Crankshaft endplay is measured with a dial indicator on the snout, which measures endplay as the crank is moved forward and backward with a screwdriver. The factory tolerance range is .0015-inch to .0078-inch; Trick Flow’s came out at .0060-inch. If the endplay is excessive, a thicker thrust bearing can be used. If endplay is too tight, the thrust bearing surface on the crank must be ground down to achieve the proper bearing clearance.

The piston and rod assemblies are slid into their respective bores. Trick Flow used TriArmor-coated Clevite H-series rod bearings in the connecting rods to further reduce friction and extend bearing life.

A spin of the reciprocating assembly revealed a clearance problem; the underside of the pin bosses on #8 piston contacted the reluctor wheel at the bottom of the piston stroke.. Not good news, as it meant removing the piston/rod assembly to remove a slight amount of material from the edge of the pin boss as shown.

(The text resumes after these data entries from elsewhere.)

(* Let $n\ge 1$ and let $S\subseteq[n]$ with $n\in S$, and write $r(S)=(r_1,\dots,r_{2m})$. Then for every positive integer $t$, $$i(\mathrm{SM}_n(S),t)=\sum_{(c_1,\dots,c_m)}\ \prod_{j=1}^m F(r_{2j-1},r_{2j},c_j,t),$$ where the sum ranges over all integer vectors $(c_1,\dots,c_m)\in\mathbb Z^m$ such that $c_1+\dots+c_m=0$ and, for every $1\le j\le m$, $-t v_j\le c_j\le t u_j$ and $c_1+\dots+c_j\ge 0$.
   Context: For $S,T\subseteq[n]$, write $T\le S$ if $|T|=|S|$ and, for each $1\le i\le |T|$, the $i$-th smallest element of $T$ is at most the $i$-th smallest element of $S$. The Schubert matroid $\mathrm{SM}_n(S)$ is the matroid on ground set $[n]=\{1,\dots,n\}$ whose bases are $\{T\subseteq[n]: T\le S\}$. For a matroid $M$ on $[n]$ with set of bases $\mathcal B$, its matroid polytope is $\mathcal P(M)=\mathrm{conv}\{e_B: B\in\mathcal B\}\subset\mathbb R^n$, where $e_B=\sum_{b\in B}e_b$ and $e_1,\dots,e_n$ is the standard basis; $i(M,t)$ denotes the number of lattice points $|t\mathcal P(M)\cap\mathbb Z^n|$ of the $t$-th dilate (this is a polynomial in $t$, the Ehrhart polynomial). For $S\subseteq[n]$ with $n\in S$, the indicator vector of $S$ can be written uniquely as $(0^{r_1},1^{r_2},0^{r_3},1^{r_4},\dots,0^{r_{2m-1}},1^{r_{2m}})$, where $x^p$ denotes $p$ consecutive copies of $x$, $r_1\ge0$ and $r_i>0$ for $i\ge2$; set $r(S)=(r_1,\dots,r_{2m})$. Given $r(S)=(r_1,\dots,r_{2m})$, define for $1\le i\le m$: $u_i=\min\{r_{2i-1},\sum_{j=i+1}^m r_{2j}\}$ and $v_i=\min\{r_{2i},\sum_{j=1}^{i-1}r_{2j-1}\}$ (empty sums are $0$). For integers $a,b\ge0$ with $a+b\ge1$, $c\in\mathbb Z$ and $t\ge0$, define $$F(a,b,c,t)=\sum_{j=0}^{a+b}(-1)^j\binom{a+b}{j}\binom{(t+1)(b-j)+a+c-1}{a+b-1},$$ with the conventions $\binom00=1$ and $\binom NK=0$ whenever $K<0$ or $N<K$ (for any integers $N,K$). *)

theory Defs
  imports "HOL-Analysis.Analysis"
begin

definition gale_le :: "nat set \<Rightarrow> nat set \<Rightarrow> bool" where
  "gale_le T S \<longleftrightarrow> card T = card S \<and>
     (\<forall>i < card S. sorted_list_of_set T ! i \<le> sorted_list_of_set S ! i)"

definition schubert_bases :: "nat \<Rightarrow> nat set \<Rightarrow> nat set set" where
  "schubert_bases n S = {T. T \<subseteq> {1..n} \<and> gale_le T S}"

text \<open>Matroid polytope: convex hull of the indicator vectors e_B of the bases,
  points of R^n represented as functions nat \<Rightarrow> real (coordinates outside [n] are 0).\<close>
definition matroid_polytope :: "nat set set \<Rightarrow> (nat \<Rightarrow> real) set" where
  "matroid_polytope Bs = {x. \<exists>l :: nat set \<Rightarrow> real. (\<forall>B\<in>Bs. 0 \<le> l B) \<and> (\<Sum>B\<in>Bs. l B) = 1
        \<and> x = (\<lambda>i. \<Sum>B\<in>Bs. l B * indicator B i)}"

definition lattice_count :: "(nat \<Rightarrow> real) set \<Rightarrow> nat \<Rightarrow> nat" where
  "lattice_count P t = card {y. (\<forall>i. y i \<in> \<int>) \<and> (\<exists>x\<in>P. y = (\<lambda>i. real t * x i))}"

definition ehrhart_schubert :: "nat \<Rightarrow> nat set \<Rightarrow> nat \<Rightarrow> nat" where
  "ehrhart_schubert n S t = lattice_count (matroid_polytope (schubert_bases n S)) t"

text \<open>rs = r(S) (0-indexed list, so r_k = rs ! (k-1)): the indicator vector of S on [n]
  equals 0^{r_1} 1^{r_2} ... 0^{r_{2m-1}} 1^{r_{2m}}, with r_1 \<ge> 0 and r_i > 0 for i \<ge> 2.\<close>
definition is_r_of :: "nat \<Rightarrow> nat set \<Rightarrow> nat list \<Rightarrow> bool" where
  "is_r_of n S rs \<longleftrightarrow> even (length rs) \<and> (\<forall>k. 1 \<le> k \<and> k < length rs \<longrightarrow> 0 < rs ! k) \<and>
     map (\<lambda>i. i \<in> S) [1..<n+1] = concat (map (\<lambda>k. replicate (rs ! k) (odd k)) [0..<length rs])"

definition rr :: "nat list \<Rightarrow> nat \<Rightarrow> nat" where
  "rr rs k = rs ! (k - 1)"

definition u_of :: "nat list \<Rightarrow> nat \<Rightarrow> nat" where
  "u_of rs i = min (rr rs (2*i - 1)) (\<Sum>j\<in>{i+1..length rs div 2}. rr rs (2*j))"

definition v_of :: "nat list \<Rightarrow> nat \<Rightarrow> nat" where
  "v_of rs i = min (rr rs (2*i)) (\<Sum>j\<in>{1..<i}. rr rs (2*j - 1))"

definition ibinom :: "int \<Rightarrow> int \<Rightarrow> int" where
  "ibinom N K = (if K < 0 \<or> N < K then 0 else int (nat N choose nat K))"

definition FF :: "nat \<Rightarrow> nat \<Rightarrow> int \<Rightarrow> nat \<Rightarrow> int" where
  "FF a b c t = (\<Sum>j = 0..a+b. (-1)^j * int ((a+b) choose j) *
       ibinom ((int t + 1) * (int b - int j) + int a + c - 1) (int a + int b - 1))"

definition admissible_c :: "nat list \<Rightarrow> nat \<Rightarrow> int list set" where
  "admissible_c rs t = {cs. length cs = length rs div 2 \<and> sum_list cs = 0 \<and>
      (\<forall>j\<in>{1..length rs div 2}.
          - (int t * int (v_of rs j)) \<le> cs ! (j-1) \<and> cs ! (j-1) \<le> int t * int (u_of rs j)
          \<and> 0 \<le> sum_list (take j cs))}"

end

theory Submission
  imports Defs
begin

text \<open>A lattice point of the \<open>t\<close>-th dilate of the polytope of \<open>SM_n(S)\<close> is a vector
  \<open>y \<in> {0,\<dots>,t}^n\<close> whose prefix sums dominate \<open>t\<close> times the prefix counts of \<open>S\<close>, with
  equality at the end. Necessity: \<open>T \<le> S\<close> in the Gale order says exactly that \<open>T\<close> has at least as
  many elements as \<open>S\<close> below every threshold, and such linear inequalities survive convex
  combinations. Sufficiency: cut \<open>[0, y_1 + \<dots> + y_n)\<close> into consecutive intervals of lengths
  \<open>y_i\<close> and let \<open>B_r\<close> collect the positions whose interval meets the residue class of \<open>r\<close>
  modulo \<open>t\<close>; each \<open>B_r\<close> is a basis and \<open>y = e_{B_0} + \<dots> + e_{B_{t-1}}\<close>.

  To count these vectors, cut \<open>y\<close> along the blocks \<open>0^{r_{2j-1}} 1^{r_{2j}}\<close> of \<open>S\<close> and let
  \<open>c_j\<close> be the excess of the \<open>j\<close>-th block sum over \<open>t r_{2j}\<close>. Inside a block the domination
  condition only has to be checked at its two ends, where the surplus is a prefix sum of the \<open>c_i\<close>;
  the vectors in \<open>{0,\<dots>,t}^L\<close> with prescribed sum are counted by inclusion--exclusion, which gives
  \<open>F\<close>. Finally the bounds \<open>-t v_j \<le> c_j \<le> t u_j\<close> are implied by the block bounds
  \<open>-t r_{2j} \<le> c_j \<le> t r_{2j-1}\<close> together with the prefix conditions.\<close>

section \<open>Vectors with bounded entries and prescribed sum\<close>

definition bounded_vectors :: "nat \<Rightarrow> nat \<Rightarrow> int \<Rightarrow> nat list set" where
  "bounded_vectors t L d = {ys. length ys = L \<and> (\<forall>y\<in>set ys. y \<le> t) \<and> int (sum_list ys) = d}"
lemma colour_pattern_image:
  assumes f: "inj_on f V" and G: "colour_pattern V r G"
  shows "colour_pattern (f ` V) r (\<lambda>i. (`) f ` G i)"
  unfolding colour_pattern_def
proof (intro conjI ballI impI)
  show "r \<ge> 1" using G by (simp add: colour_pattern_def)
next
  fix i assume "i \<in> {1..r}"
  then show "graph_on (f ` V) ((`) f ` G i)"
    using graph_on_image[OF f] G by (simp add: colour_pattern_def)
next
  fix i j assume ij: "i \<in> {1..r}" "j \<in> {1..r}" "i \<noteq> j"
  have edges: "G l \<subseteq> Pow V" if "l \<in> {1..r}" for l
    using G that unfolding colour_pattern_def graph_on_def by blast
  have "(`) f ` G i \<inter> (`) f ` G j = (`) f ` (G i \<inter> G j)"
    using inj_on_image_Int[OF inj_on_image_Pow[OF f] edges[OF ij(1)] edges[OF ij(2)]] by simp
  also have "G i \<inter> G j = {}" using G ij by (simp add: colour_pattern_def)
  finally show "(`) f ` G i \<inter> (`) f ` G j = {}" by simp
qed

lemma K_free_image:
  assumes "inj_on f V" "graph_on V E" "K_free V E m"
  shows "K_free (f ` V) ((`) f ` E) m"
  unfolding K_free_def
proof
  assume "\<exists>S'. S' \<subseteq> f ` V \<and> card S' = m \<and> is_clique ((`) f ` E) S'"
  then obtain S' where S': "S' \<subseteq> f ` V" "card S' = m" "is_clique ((`) f ` E) S'" by blast
  define S where "S = V \<inter> f -` S'"
  have S: "S \<subseteq> V" "f ` S = S'" using S'(1) unfolding S_def by auto
  have "card S = m" using card_image[OF inj_on_subset[OF assms(1) S(1)]] S(2) S'(2) by simp
  moreover have "is_clique E S" using is_clique_image_iff[OF assms(1,2) S(1)] S(2) S'(3) by simp
  ultimately show False using assms(3) S(1) unfolding K_free_def by blast
qed
(* For every $a\in[\mathbb{F}_q^{\times}]$ (Teichmüller lifts) one has $f_a^{\mathrm{LT}}=1$. More generally, for every $a\in\mathcal{O}_K^{\times}$, \[ \big(f_a^{\mathrm{LT}}\big)^{-1}\in 1+c_aT_K^{q-1}-c_a^{p^{f-1}}T_K^{(q-1)(p^{f-1}+1)}+T_K^{(q-1)(2p^{f-1}+1)}\mathbb{F}_q[[T_K^{q-1}]], \] where $c_a\in\mathbb{F}_q$ is the reduction modulo $p$ of $(1-a^{q-1})/p\in\mathcal{O}_K$.
   Context: Let $p$ be an odd prime, $K$ the unramified extension of $\mathbb{Q}_p$ of degree $f\ge1$, with ring of integers $\mathcal{O}_K$ and residue field $\mathbb{F}_q$, $q=p^f$. Let $G_{\mathrm{LT}}$ be the Lubin–Tate formal $\mathcal{O}_K$-module over $\mathcal{O}_K$ attached to the uniformizer $p$, with formal variable $T_K$ chosen so that its logarithm is $\sum_{n\ge0}p^{-n}T_K^{q^n}$. For $a\in\mathcal{O}_K$ let $a_{\mathrm{LT}}(T_K)\in aT_K+T_K^2\mathcal{O}_K[[T_K]]$ be the endomorphism series of $G_{\mathrm{LT}}$ attached to $a$, and also denote by $a_{\mathrm{LT}}(T_K)\in\mathbb{F}_q[[T_K]]$ its reduction mod $p$. For $a\in\mathcal{O}_K^\times$ with reduction $\bar a\in\mathbb{F}_q^\times$, set $f_a^{\mathrm{LT}}:=\bar aT_K/a_{\mathrm{LT}}(T_K)\in 1+T_K\mathbb{F}_q[[T_K]]$. *)

theory Defs
  imports "HOL-Computational_Algebra.Formal_Power_Series"
begin

definition dvd_in :: "'k::field set \<Rightarrow> 'k \<Rightarrow> 'k \<Rightarrow> bool" where
  "dvd_in OK d x \<longleftrightarrow> (\<exists>y\<in>OK. x = d * y)"

text \<open>The field 'k (= K) with subset OK (= O_K) and reduction map red : OK -> 'r (= F_q)
  form the unramified extension of Q_p of degree f:
  'k has characteristic 0, OK is a valuation ring of 'k (so 'k = Frac OK) whose maximal ideal
  is p OK, OK is p-adically separated and complete (so OK is a complete DVR with uniformizer p),
  and red is a surjective ring homomorphism OK -> 'r with kernel p OK onto a field with p^f
  elements. Such data is unique up to isomorphism (K = unramified extension of degree f).\<close>
definition unramified_setup ::
  "nat \<Rightarrow> nat \<Rightarrow> 'k::field_char_0 set \<Rightarrow> ('k \<Rightarrow> 'r::{field,finite}) \<Rightarrow> bool" where
  "unramified_setup p f OK red \<longleftrightarrow>
     0 \<in> OK \<and> 1 \<in> OK \<and>
     (\<forall>x\<in>OK. \<forall>y\<in>OK. x + y \<in> OK \<and> x * y \<in> OK \<and> - x \<in> OK) \<and>
     (\<forall>x. x \<noteq> 0 \<longrightarrow> x \<in> OK \<or> inverse x \<in> OK) \<and>
     inverse (of_nat p) \<notin> OK \<and>
     (\<forall>x\<in>OK. \<not> dvd_in OK (of_nat p) x \<longrightarrow> inverse x \<in> OK) \<and>
     (\<forall>x\<in>OK. x \<noteq> 0 \<longrightarrow> (\<exists>n. \<not> dvd_in OK (of_nat p ^ n) x)) \<and>
     (\<forall>s. (\<forall>n. s n \<in> OK) \<and> (\<forall>n. dvd_in OK (of_nat p ^ n) (s (Suc n) - s n)) \<longrightarrow>
          (\<exists>x\<in>OK. \<forall>n. dvd_in OK (of_nat p ^ n) (x - s n))) \<and>
     red 1 = 1 \<and>
     (\<forall>x\<in>OK. \<forall>y\<in>OK. red (x + y) = red x + red y \<and> red (x * y) = red x * red y) \<and>
     red ` OK = UNIV \<and>
     (\<forall>x\<in>OK. red x = 0 \<longleftrightarrow> dvd_in OK (of_nat p) x) \<and>
     card (UNIV :: 'r set) = p ^ f"

text \<open>Logarithm of the Lubin-Tate formal group: sum over n of p^(-n) T^(q^n), q = p^f.\<close>
definition LT_log :: "nat \<Rightarrow> nat \<Rightarrow> 'k::field_char_0 fps" where
  "LT_log p f = Abs_fps (\<lambda>k. if k \<in> range (\<lambda>m. (p ^ f) ^ m)
        then inverse (of_nat p ^ (LEAST m. (p ^ f) ^ m = k)) else 0)"

definition LT_endo :: "nat \<Rightarrow> nat \<Rightarrow> 'k::field_char_0 \<Rightarrow> 'k fps" where
  "LT_endo p f a = fps_inv (LT_log p f) oo (fps_const a * LT_log p f)"

definition red_fps :: "('k \<Rightarrow> 'r) \<Rightarrow> 'k fps \<Rightarrow> 'r fps" where
  "red_fps red g = Abs_fps (\<lambda>n. red (fps_nth g n))"

definition f_LT :: "nat \<Rightarrow> nat \<Rightarrow> ('k::field_char_0 \<Rightarrow> 'r::field) \<Rightarrow> 'k \<Rightarrow> 'r fps" where
  "f_LT p f red a = fps_const (red a) * fps_X / red_fps red (LT_endo p f a)"

end

(*
  Write a_LT = a T + T^q S. As the logarithm is T + T^q/p modulo T^(q^2), the functional
  equation log(a_LT) = a log(T) says, in degrees below (q-1)q,

    S = (a - a^q)/p - sum_{0<j<q} (binom(q,j)/p) a^(q-j) T^((q-1)j) S^j,

  the sum coming from the binomial expansion of (a T + T^q S)^q. By induction on the degree
  this recursion makes those coefficients of S integral, so it can be reduced mod p, where
  (a - a^q)/p becomes abar c with c = c_a. Writing s = p^(f-1), binom(q,j)/p is divisible
  by p for 0 < j < 2s except j = s, where it is congruent to 1; hence modulo T^(2(q-1)s)
  the reduced S is abar c - abar^(q-s) (abar c)^s T^((q-1)s) = abar (c - c^s T^((q-1)s)),
  and abar T / (abar T + T^q S) is the inverse of the claimed series. The coefficients of S
  live in degrees divisible by q-1 because log is supported in degrees congruent to 1 mod q-1.
  Only coefficients below degree (q-1)q are shown to be integral; the others only enter h.
  For a Teichmueller lift, a^q = a, so a T itself solves the functional equation.
*)
theory Submission
  imports Defs "HOL-Number_Theory.Cong"
begin

unbundle fps_syntax

section \<open>Finite fields and binomial coefficients of prime powers\<close>

lemma field_power_card_eq_same:
  fixes x :: "'a::{field,finite}"
  shows "x ^ card (UNIV :: 'a set) = x"
proof (cases "x = 0")
  case True
  then show ?thesis using finite_UNIV_card_ge_0[where 'a='a] by simp
next
  case False
  let ?U = "UNIV - {0::'a}"
  have "(\<Prod>y\<in>?U. x * y) = \<Prod>?U"
    by (rule prod.reindex_bij_witness[of _ "\<lambda>y. y / x" "\<lambda>y. x * y"]) (use False in auto)
  then have "x ^ card ?U * \<Prod>?U = 1 * \<Prod>?U" by (simp add: prod.distrib)
  moreover have "\<Prod>?U \<noteq> 0" by simp
  ultimately have "x ^ card ?U = 1" by (rule mult_right_cancel[THEN iffD1, rotated])
  moreover have "Suc (card ?U) = card (UNIV :: 'a set)" by (rule card_Suc_Diff1) simp_all
  ultimately show ?thesis by (metis power_Suc2 mult_1_left)
qed

lemma prime_power_dvd_choose_prime_power:
  fixes p e j :: nat
  assumes "prime p" "0 < j" "j \<le> p ^ e"
  shows "p ^ (e - multiplicity p j) dvd (p ^ e choose j)"
proof -
  have nonunit: "\<not> is_unit p" using assms(1) by auto
  have choose_pos: "p ^ e choose j \<noteq> 0" using assms(3) by simp
  have "j * (p ^ e choose j) = p ^ e * (p ^ e - 1 choose (j - 1))"
    using times_binomial_minus1_eq assms(2) by blast
  then have "p ^ e dvd j * (p ^ e choose j)" by simp
  then have "e \<le> multiplicity p j + multiplicity p (p ^ e choose j)"
    using assms choose_pos nonunit
    by (simp add: power_dvd_iff_le_multiplicity prime_elem_multiplicity_mult_distrib)
  then show ?thesis
    using choose_pos nonunit by (simp add: power_dvd_iff_le_multiplicity)
qed

lemma prime_dvd_choose_prime_power:
  fixes p e j :: nat
  assumes "prime p" "0 < j" "j < p ^ e"
  shows "p dvd (p ^ e choose j)"
proof -
  have "\<not> p ^ e dvd j" using assms(2,3) by (auto dest: dvd_imp_le)
  then have "multiplicity p j < e"
    using assms(1,2) power_dvd_iff_le_multiplicity[of j p e] by (simp add: not_le prime_nat_iff)
  then have "p dvd p ^ (e - multiplicity p j)" by simp
  also have "\<dots> dvd (p ^ e choose j)"
    using prime_power_dvd_choose_prime_power[OF assms(1,2)] assms(3) by simp
  finally show ?thesis .
qed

As this 440 was one of the first LSX block-based engines built, some glitches were to be expected.

With the clearance problems addressed, the piston and rod went back in the block. The rod bolts were torqued to 70 ft.-lbs.(using the supplied assembly lube) and fingers were crossed as Todd spun the crank. Thankfully, everything spun around as it was designed to.

Next on the install list was the Lunati hydraulic roller camshaft. Ground to Trick Flow’s specifications, the cam specs out at a very healthy 262-degree/270-degree duration @ .050-inch valve lift (320-degree/329-degree advertised) and .629-inch lift. While the cam is a custom grind, you can get one just like it for your LS engine—just ask for part number 55099LUN and grind number 50-262-270. You don’t even have to worry about sourcing cam bearings—GM provides a set that is specific to the LSX block. If you really want to get trick, the journals can be machined for use with 60mm diameter roller cam bearings, which will really reduce the friction and help the valvetrain hit those high notes.

The LSX block comes with this cool steel camshaft thrust plate. The plate uses an O-ring for sealing, and is held in place with these nifty buttonhead bolts. The General thinks of everything, doesn’t he?

Comp Cams supplied the double roller timing chain set. The LS2-style chain features hardened billet steel gears, a heat-treated chain with large, heavy-duty link pins, and a Torrington thrust bearing for smooth operation. The cam sprocket allows virtually infinite timing adjusts up to 6 degrees advance or retard; the crank sprocket allows additional adjustment up to 4 degrees.

Todd put the Comp Cams chain’s adjustability to good use when he degreed in the camshaft. The cam ended up four degrees advanced on a 110-degree intake centerline.

The last item before moving upstairs was tapping in the front oil plug, which prevents oil loss from the main oil gallery. The plug must be tapped flush with the front of the block; if it is too far in, the plug will block the flow of oil to the oil pump.